theorem lemma51:
  fixes M :: "'s measure" and Z :: "nat \<Rightarrow> 's \<Rightarrow> real" and a :: "nat \<Rightarrow> nat \<Rightarrow> real"
  assumes "prob_space M"
    and "prob_space.indep_vars M (\<lambda>_. borel) Z UNIV"
    and "\<And>i. distr M borel (Z i) = distr M borel (Z 0)"
    and "\<not> (\<exists>c. AE \<omega> in M. Z 0 \<omega> = c)"
    and "\<And>\<epsilon>. \<epsilon> > 0 \<Longrightarrow>
          (\<lambda>n. measure M {\<omega> \<in> space M. ereal \<epsilon> \<le> \<bar>kth_largest (a n) (\<lambda>i. Z i \<omega>) 1\<bar>}) \<longlonglongrightarrow> 0"
    and "k \<ge> 1"
    and "\<epsilon> > 0"
  shows "(\<lambda>n. measure M {\<omega> \<in> space M. ereal \<epsilon> \<le> \<bar>kth_largest (a n) (\<lambda>i. Z i \<omega>) k\<bar>}) \<longlonglongrightarrow> 0"
proof -
  interpret prob_space M by (rule assms(1))
  define p where "p e l n = prob {\<omega> \<in> space M. ereal e \<le> \<bar>kth_largest (a n) (\<lambda>i. Z i \<omega>) l\<bar>}"
    for e l n
  have p1: "p e 1 \<longlonglongrightarrow> 0" if "0 < e" for e
    using assms(5)[OF that] unfolding p_def .
  have "p \<epsilon> k \<longlonglongrightarrow> 0"
  proof (rule order_tendstoI)
    fix \<eta> :: real assume "0 < \<eta>"
    then have "0 < \<eta> / 2" by simp
    obtain \<delta> \<gamma> where "0 < \<delta>" "0 < \<gamma>" and bound_a:
      "\<And>b. prob {\<omega>\<in>space M. ereal \<delta> \<le> \<bar>kth_largest b (\<lambda>i. Z i \<omega>) 1\<bar>} < \<gamma> \<Longrightarrow>
        prob {\<omega>\<in>space M. ereal \<epsilon> \<le> \<bar>kth_largest b (\<lambda>i. Z i \<omega>) k\<bar>}
          \<le> prob {\<omega>\<in>space M. ereal \<epsilon> \<le> \<bar>kth_largest b (\<lambda>i. Z i \<omega>) 1\<bar>} + \<eta> / 2"
      using prob_abs_kth_largest_ge_uniform_bound[OF assms(2-4,6,7) \<open>0 < \<eta> / 2\<close>] by blast
    have bound: "p \<epsilon> k n \<le> p \<epsilon> 1 n + \<eta> / 2" if "p \<delta> 1 n < \<gamma>" for n
      using bound_a[of "a n"] that unfolding p_def .
    have "eventually (\<lambda>n. p \<delta> 1 n < \<gamma>) sequentially"
      using order_tendstoD(2)[OF p1[OF \<open>0 < \<delta>\<close>] \<open>0 < \<gamma>\<close>] .
    moreover have "eventually (\<lambda>n. p \<epsilon> 1 n < \<eta> / 2) sequentially"
      using order_tendstoD(2)[OF p1[OF \<open>0 < \<epsilon>\<close>] \<open>0 < \<eta> / 2\<close>] .
    ultimately show "eventually (\<lambda>n. p \<epsilon> k n < \<eta>) sequentially"
    proof eventually_elim
      case (elim n)
      then show ?case using bound[OF elim(1)] by linarith
    qed
  qed (auto simp: p_def intro!: always_eventually less_le_trans[OF _ measure_nonneg])
  then show ?thesis unfolding p_def .
qed

end
(* Let $(V,\langle\cdot,\cdot\rangle)$ be a pseudo-Euclidean real vector space of signature $(k,l)$ with $k\ge2$, $l\ge2$, let $Z\subseteq V$ be a subspace with $q^+(Z)\ge1$, and let $H\subseteq V$ be a positive $(k-1)$-plane, so that $V=H\oplus H^\perp$ with $H^\perp$ Minkowski of signature $(1,l)$. Let $\pi^{H^\perp}:V\to H^\perp$ be the projection along $H$, and let $C^+(H^\perp)$ be either one of the two connected components of $\{w\in H^\perp:\langle w,w\rangle\ge0\}\setminus\{0\}$. The following are equivalent: (i) $H$ is $Z$-orthogonally-extendable; (ii) $q^+(Z\cap H^\perp)\ge1$; (iii) $\pi^{H^\perp}(Z^\perp)\cap C^+(H^\perp)=\emptyset$.
   Context: A pseudo-Euclidean space of signature $(k,l)$ is a finite-dimensional real vector space with a symmetric non-degenerate bilinear form whose Sylvester diagonal form has $k$ entries $+1$ and $l$ entries $-1$. For a subspace $L$, $q^+(L)$ denotes the number of $+1$'s in a diagonalization of the restriction of the form to $L$, and $L^\perp$ is the orthogonal complement in $V$. A positive $r$-plane is an $r$-dimensional subspace on which the form is positive definite. $H$ is $Z$-orthogonally-extendable if there is $z\in Z\cap H^\perp$ with $H+\mathbb{R}z$ a positive $k$-plane. *)

theory Defs
  imports "HOL-Analysis.Analysis"
begin

definition pe_form :: "('a::euclidean_space \<Rightarrow> 'a \<Rightarrow> real) \<Rightarrow> bool" where
  "pe_form B \<longleftrightarrow> bilinear B \<and> (\<forall>x y. B x y = B y x) \<and> (\<forall>x. (\<forall>y. B x y = 0) \<longrightarrow> x = 0)"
┄┄┄┄┄┄┄┄┄┄┄┄┄┄┄┄┄┄┄┄
Identify the lines of the data that contain the word "assms". Copy each of them.

Reply to the exercise:
  interpret prob_space M by (rule assms(1))
    using assms(5)[OF that] unfolding p_def .
      using prob_abs_kth_largest_ge_uniform_bound[OF assms(2-4,6,7) \<open>0 < \<eta> / 2\<close>] by blast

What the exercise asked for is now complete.